Abstract

Large immigration flows of young Mexican women to the U.S.-Mexico border are increasing the demand for maternity services in the Southwest. To date no attempt has been made to determine how U.S. births are distributed among stable, permanent residents and transient migrants, such as border residents of Mexico who enter the U.S. temporarily, yet long enough to use health services. This exploratory study examines factors associated with childbirth in California by Border residents of Tijuana, Mexico. Data on 184 women, 15–44 years old, who gave birth between 1982–1987, were examined using a household survey and focus group discussions. The findings indicate that 10.4% of the sample crossed the border to give birth in the United States.

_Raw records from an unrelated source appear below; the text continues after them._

lemma sat_transfer:
  assumes "balanced \<phi>" "hs_size \<phi> \<le> k" "k \<le> 2 * n" "trace_equiv n k \<rho> \<rho>'" "sat (Kn n) \<rho> \<phi>"
  shows "sat (Kn n) \<rho>' \<phi>"
  using assms
proof (induction "hs_size \<phi>" arbitrary: \<phi> k \<rho> \<rho>' rule: less_induct)
  case less
  note IH = less.hyps and bal = less.prems(1) and size = less.prems(2,3)
    and equiv = less.prems(4) and sat = less.prems(5)
  show ?case
  proof (cases \<phi>)
    case Prop
    obtain u m u' m' where m: "1 \<le> m" "1 \<le> m'" and \<rho>: "\<rho> = window n u m" "\<rho>' = window n u' m'"
      and C: "profile_equiv n k u m u' m'" using equiv unfolding trace_equiv_def by blast
    have "1 \<le> int k" using size Prop by simp
    then have "s_count n u m = 0 \<longleftrightarrow> s_count n u' m' = 0"
      using C profile_basic(2)[OF m(1), of n u] profile_basic(2)[OF m(2), of n u']
      unfolding profile_equiv_def by (smt (verit) min_def)
    then show ?thesis
      using sat unfolding Prop \<rho> sat_Prop_window[OF m(1)] sat_Prop_window[OF m(2)] by blast
  next
    case (Neg f)
    then show ?thesis using IH[of f k \<rho>' \<rho>] trace_equiv_sym[OF equiv] bal size sat by auto
  next
    case (Conj f g)
    then show ?thesis using IH[of f k \<rho> \<rho>'] IH[of g k \<rho> \<rho>'] less.prems by auto
  next
    case (DiaB f)
    then obtain a b where f: "f = Conj a b" "hs_size a = hs_size b" "balanced a" "balanced b"
      using bal by auto
    have j: "1 \<le> hs_size a" "2 * hs_size a + 2 \<le> k" "hs_size a \<le> 2 * n"
      using hs_size_pos[of a] size DiaB f by auto
    from sat DiaB f obtain \<sigma> where \<sigma>: "\<sigma> \<in> Pref \<rho>" "sat (Kn n) \<sigma> a" "sat (Kn n) \<sigma> b"
      by auto
    with move_B[OF equiv j] obtain \<sigma>' where "\<sigma>' \<in> Pref \<rho>'" "trace_equiv n (hs_size a) \<sigma> \<sigma>'"
      by blast
    with \<sigma> show ?thesis
      using IH[of a "hs_size a" \<sigma> \<sigma>'] IH[of b "hs_size a" \<sigma> \<sigma>'] DiaB f j by auto
  next
    case (DiaBbar f)
    then obtain a b where f: "f = Conj a b" "hs_size a = hs_size b" "balanced a" "balanced b"
      using bal by auto
    have j: "1 \<le> hs_size a" "2 * hs_size a + 2 \<le> k" "hs_size a \<le> 2 * n"
      using hs_size_pos[of a] size DiaBbar f by auto
    from sat DiaBbar f obtain \<sigma> where
      \<sigma>: "is_trace (Kn n) \<sigma>" "\<rho> \<in> Pref \<sigma>" "sat (Kn n) \<sigma> a" "sat (Kn n) \<sigma> b"
      by auto
    with move_Bbar[OF equiv j] obtain \<sigma>' where
      "is_trace (Kn n) \<sigma>'" "\<rho>' \<in> Pref \<sigma>'" "trace_equiv n (hs_size a) \<sigma> \<sigma>'"
      by blast
    with \<sigma> show ?thesis
      using IH[of a "hs_size a" \<sigma> \<sigma>'] IH[of b "hs_size a" \<sigma> \<sigma>'] DiaBbar f j by auto
  next
    case (DiaE f)
    have j: "1 \<le> hs_size f" "hs_size f < k" using hs_size_pos[of f] size DiaE by auto
    from sat DiaE obtain \<sigma> where \<sigma>: "\<sigma> \<in> Suff \<rho>" "sat (Kn n) \<sigma> f" by auto
    with move_E[OF equiv j] obtain \<sigma>' where "\<sigma>' \<in> Suff \<rho>'" "trace_equiv n (hs_size f) \<sigma> \<sigma>'"
      by blast
    with \<sigma> show ?thesis using IH[of f "hs_size f" \<sigma> \<sigma>'] DiaE bal size by auto
  next
    case (DiaEbar f)
    have j: "1 \<le> hs_size f" "hs_size f < k" using hs_size_pos[of f] size DiaEbar by auto
    from sat DiaEbar obtain \<sigma> where \<sigma>: "is_trace (Kn n) \<sigma>" "\<rho> \<in> Suff \<sigma>" "sat (Kn n) \<sigma> f"
      by auto
    with move_Ebar[OF equiv j] obtain \<sigma>' where
      "is_trace (Kn n) \<sigma>'" "\<rho>' \<in> Suff \<sigma>'" "trace_equiv n (hs_size f) \<sigma> \<sigma>'"
      by blast
    with \<sigma> show ?thesis using IH[of f "hs_size f" \<sigma> \<sigma>'] DiaEbar bal size by auto
  qed
qed

lemma is_trace_Mn: "is_trace (Mn n) = is_trace (Kn n)"
  unfolding is_trace_def[abs_def] Kn_def Mn_def by simp

lemma sat_Mn: "sat (Mn n) \<rho> \<phi> = sat (Kn n) \<rho> \<phi>"
proof -
  have "lab (Mn n) = lab (Kn n)" by (simp add: Kn_def Mn_def)
  then show ?thesis by (induction \<phi> arbitrary: \<rho>) (simp_all add: is_trace_Mn)
qed

lemma is_init_trace_Kn_iff:
  "is_init_trace (Kn n) \<rho> \<longleftrightarrow> (\<exists>u m. 1 \<le> m \<and> u \<le> 0 \<and> \<rho> = window n u m)"
proof -
  have "nat (clamp n u) = 0 \<longleftrightarrow> u \<le> 0" for u by (auto simp: clamp_def)
  then show ?thesis
    unfolding is_init_trace_def is_trace_Kn_iff by (auto simp: hd_window Kn_def) blast
qed

lemma is_init_trace_Mn_iff:
  assumes "1 \<le> n"
  shows "is_init_trace (Mn n) \<rho> \<longleftrightarrow> (\<exists>m. 1 \<le> m \<and> \<rho> = window n 1 m)"
proof -
  have "nat (clamp n u) = 1 \<longleftrightarrow> u = 1" for u using assms by (auto simp: clamp_def)
  then show ?thesis
    unfolding is_init_trace_def is_trace_Mn is_trace_Kn_iff by (auto simp: hd_window Mn_def)
qed

lemma profile_from_s0_matched_from_s1:
  assumes "1 \<le> n" "1 \<le> m" "u \<le> 0"
  shows "\<exists>m'. 1 \<le> m' \<and> profile_equiv n n u m 1 m'"
proof -
  define v where "v = u + int m - 1"
  have T: "t_count n u m = max 0 (v - 2 * int n)" "s_count n u m = int m - t_count n u m"
    "gap n u m = (if t_count n u m = 0 then 2 * int n - min (max v 0) (2 * int n + 1) else 0)"
    using assms unfolding s_count_def t_count_def gap_def clamp_def v_def by auto
  have T1: "t_count n 1 m' = max 0 (int m' - 2 * int n)" "s_count n 1 m' = int m' - t_count n 1 m'"
    "gap n 1 m' = (if t_count n 1 m' = 0 then 2 * int n - min (max (int m') 0) (2 * int n + 1) else 0)"
    for m'
    unfolding s_count_def t_count_def gap_def clamp_def by auto
  consider "v \<le> 0" | "0 < v" "v \<le> 2 * int n" | "v > 2 * int n" by linarith
  then show ?thesis
  proof cases
    case 1
    have "profile_equiv n n u m 1 (min m n)"
      unfolding profile_equiv_def T T1 using 1 assms by (auto simp: v_def min_def max_def)
    then show ?thesis using assms by (intro exI[of _ "min m n"]) auto
  next
    case 2
    define m' where "m' = (if m < n then m else max (nat v) n)"
    have m': "int m' = (if int m < int n then int m else max v (int n))"
      using 2 unfolding m'_def by auto
    have "profile_equiv n n u m 1 m'"
      unfolding profile_equiv_def T T1 m' using 2 assms by (auto simp: v_def min_def max_def)
    moreover have "int m' \<ge> 1" using m' assms 2 by auto
    ultimately show ?thesis by (intro exI[of _ m']) auto
  next
    case 3
    define m' where "m' = nat v"
    have m': "int m' = v" using 3 unfolding m'_def by auto
    have "profile_equiv n n u m 1 m'"
      unfolding profile_equiv_def T T1 m' using 3 assms by (auto simp: v_def min_def max_def)
    then show ?thesis using assms 3 m' by (intro exI[of _ m']) auto
  qed
qed

lemma profile_from_s1_matched_from_s0:
  assumes "1 \<le> n" "1 \<le> m'"
  shows "\<exists>u m. 1 \<le> m \<and> u \<le> 0 \<and> profile_equiv n n u m 1 m'"
proof (cases "m' < n")
  case True
  have "1 \<le> int n" "1 \<le> int m'" "int m' < int n" using assms True by auto
  then have "profile_equiv n n (1 - int m') m' 1 m'"
    unfolding profile_equiv_def s_count_def t_count_def gap_def clamp_def
    by (smt (verit) min_def max_def)
  then show ?thesis using assms by (intro exI[of _ "1 - int m'"] exI[of _ m']) auto
next
  case False
  have "1 \<le> int n" "1 \<le> int m'" "int m' \<ge> int n" "int (m' + 1) = int m' + 1"
    using assms False by auto
  then have "profile_equiv n n 0 (m' + 1) 1 m'"
    unfolding profile_equiv_def s_count_def t_count_def gap_def clamp_def
    by (smt (verit) min_def max_def)
  then show ?thesis using assms by (intro exI[of _ 0] exI[of _ "m' + 1"]) auto
qed

lemma init_trace_Kn_equiv_Mn:
  assumes "1 \<le> n" "is_init_trace (Kn n) \<rho>"
  shows "\<exists>\<rho>'. is_init_trace (Mn n) \<rho>' \<and> trace_equiv n n \<rho> \<rho>'"
proof -
  obtain u m where "1 \<le> m" "u \<le> 0" "\<rho> = window n u m"
    using assms(2) is_init_trace_Kn_iff by blast
  moreover obtain m' where "1 \<le> m'" "profile_equiv n n u m 1 m'"
    using profile_from_s0_matched_from_s1 assms(1) calculation by blast
  ultimately show ?thesis using is_init_trace_Mn_iff[OF assms(1)] trace_equivI by blast
qed

lemma init_trace_Mn_equiv_Kn:
  assumes "1 \<le> n" "is_init_trace (Mn n) \<rho>'"
  shows "\<exists>\<rho>. is_init_trace (Kn n) \<rho> \<and> trace_equiv n n \<rho> \<rho>'"
proof -
  obtain m' where "1 \<le> m'" "\<rho>' = window n 1 m'"
    using assms is_init_trace_Mn_iff by blast
  moreover obtain u m where "1 \<le> m" "u \<le> 0" "profile_equiv n n u m 1 m'"
    using profile_from_s1_matched_from_s0 assms(1) calculation by blast
  ultimately show ?thesis using is_init_trace_Kn_iff trace_equivI by blast
qed

theorem lemma5p9:
  fixes n :: nat and \<psi> :: hs
  assumes "n \<ge> 1" and "balanced \<psi>" and "hs_size \<psi> \<le> n"
  shows "models_st (Kn n) \<psi> \<longleftrightarrow> models_st (Mn n) \<psi>"
proof -
  have sat_iff: "sat (Kn n) \<rho> \<psi> \<longleftrightarrow> sat (Kn n) \<rho>' \<psi>" if "trace_equiv n n \<rho> \<rho>'" for \<rho> \<rho>'
  proof -
    have "trace_equiv n (hs_size \<psi>) \<rho> \<rho>'" using trace_equiv_mono[OF that assms(3)] .
    moreover note trace_equiv_sym[OF this]
    moreover have "hs_size \<psi> \<le> 2 * n" using assms(3) by simp
    ultimately show ?thesis using sat_transfer[OF assms(2) order_refl] by blast
  qed
  show ?thesis
    unfolding models_st_def sat_Mn
    using init_trace_Kn_equiv_Mn[OF assms(1)] init_trace_Mn_equiv_Kn[OF assms(1)] sat_iff by blast
qed

end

Socio-economic and legal status, spoken English proficiency, history of U.S. residency, annual visits across the border, single parenthood and primiparity were factors significantly associated with childbirth in the United States. These factors, in addition to social class differentials in attitudes towards U.S. obstetrical care and citizenship-by-birth need to be examined in future studies of cross-border utilization of services. The findings also demonstrate that most U.S. deliveries were in the private sector and paid for out of pocket, representing a very low public health burden. Changes in Medicaid legislation, which have extended maternity care coverage to the undocumented, may encourage deliveries in the public sector. These effects, coupled with the bridging effects that newly legalized immigrant networks exert on friends and relatives, familiarizing them with U.S. health care resources, will require monitoring to determine changes in demand for U.S. maternity care by this population.